lemma RDP_lex_le_imp_RDP:
  assumes "RDP (lex_le le)"
  shows "RDP le"
  unfolding RDP_iff_refinable
proof (intro allI impI)
  fix a1 a2 b1 b2
  assume "le 0 a1" "le 0 a2" "le 0 b1" "le 0 b2" "a1 + a2 = b1 + b2"
  then have "refinable (lex_le le) (0, a1) (0, a2) (0, b1) (0, b2)"
    using assms unfolding RDP_iff_refinable by (simp add: lex_le_nonneg_iff)
  then obtain k11 k12 k21 k22 x11 x12 x21 x22
    where k: "refinement 0 0 0 0 k11 k12 k21 k22" and x: "refinement a1 a2 b1 b2 x11 x12 x21 x22"
      and nonneg: "lex_le le 0 (k11, x11)" "lex_le le 0 (k12, x12)"
        "lex_le le 0 (k21, x21)" "lex_le le 0 (k22, x22)"
    by (rule refinable_lex_leE)
  from k nonneg have "k11 = 0" "k12 = 0" "k21 = 0" "k22 = 0"
    unfolding refinement_def lex_le_nonneg_iff by linarith+
  then show "refinable le a1 a2 b1 b2"
    using x nonneg unfolding refinable_def lex_le_nonneg_iff by auto
qed

lemma RDP_lex_le_imp_lower_bound:
  assumes po: "po_group le" and rdp: "RDP (lex_le le)"
  obtains l where "le l 0" "le l g"
proof -
  have "refinable (lex_le le) (1, g) (1, - g) (1, 0) (1, 0)"
    using rdp unfolding RDP_iff_refinable by (simp add: lex_le_nonneg_iff)
  then obtain k11 k12 k21 k22 x11 x12 x21 x22
    where k: "refinement 1 1 1 1 k11 k12 k21 k22" and x: "refinement g (- g) 0 0 x11 x12 x21 x22"
      and nonneg: "lex_le le 0 (k11, x11)" "lex_le le 0 (k12, x12)"
        "lex_le le 0 (k21, x21)" "lex_le le 0 (k22, x22)"
    by (rule refinable_lex_leE)
  \<comment> \<open>the integer matrix (k_ij) is the antidiagonal or the diagonal 0/1 matrix\<close>
  from k nonneg consider "k11 = 0" "k22 = 0" | "k12 = 0" "k21 = 0"
    unfolding refinement_def lex_le_nonneg_iff by linarith
  then show thesis
  proof cases
    case 1
    then have "le 0 x11" "le 0 x22"
      using nonneg by (simp_all add: lex_le_nonneg_iff)
    then have "le x12 g" "le x12 0"
      using x po_group_add_right_mono[OF po, of 0 x11 x12] po_group_add_left_mono[OF po, of 0 x22 x12]
      unfolding refinement_def by simp_all
    then show thesis
      using that by blast
  next
    case 2
    then have "le 0 x12" "le 0 x21"
      using nonneg by (simp_all add: lex_le_nonneg_iff)
    then have "le x11 g" "le x11 0"
      using x po_group_add_left_mono[OF po, of 0 _ x11] unfolding refinement_def by fastforce+
    then show thesis
      using that by blast
  qed
qed

lemma directed_if_lower_bounds:
  assumes po: "po_group le" and lower: "\<And>g. \<exists>l. le l 0 \<and> le l g"
  shows "directed le"
  unfolding directed_def
proof (intro allI)
  fix a b
  obtain l where "le l 0" "le l (- a + b)"
    using lower by blast
  have "le (b + 0) (b + - l)"
    using po_group_add_left_mono[OF po po_group_neg_le[OF po \<open>le l 0\<close>]] by simp
  moreover have "le (a + l + - l) (a + (- a + b) + - l)"
    using po_group_add_mono[OF po \<open>le l (- a + b)\<close>, of a "- l"] by (simp add: add.assoc)
  ultimately have "le b (b - l)" "le a (b - l)"
    by (simp_all add: add.assoc[symmetric])
  then show "\<exists>c. le a c \<and> le b c"
    by blast
qed

theorem theorem3p10:
  fixes le :: "'a::group_add \<Rightarrow> 'a \<Rightarrow> bool"
  assumes "po_group le"
  shows "RDP (lex_le le) \<longleftrightarrow> directed le \<and> RDP le"
proof
  assume rdp: "RDP (lex_le le)"
  have "directed le"
    using directed_if_lower_bounds[OF assms] RDP_lex_le_imp_lower_bound[OF assms rdp] by metis
  then show "directed le \<and> RDP le"
    using RDP_lex_le_imp_RDP[OF rdp] by blast
next
  assume "directed le \<and> RDP le"
  then show "RDP (lex_le le)"
    using RDP_lex_le[OF assms] by blast
qed

end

· · · · ·

> [About this task]
Search term "where": return each line of the data that contains it.

> [Exercise result]
    where k: "refinement 0 0 0 0 k11 k12 k21 k22" and x: "refinement a1 a2 b1 b2 x11 x12 x21 x22"
  obtains l where "le l 0" "le l g"
    where k: "refinement 1 1 1 1 k11 k12 k21 k22" and x: "refinement g (- g) 0 0 x11 x12 x21 x22"
  obtain l where "le l 0" "le l (- a + b)"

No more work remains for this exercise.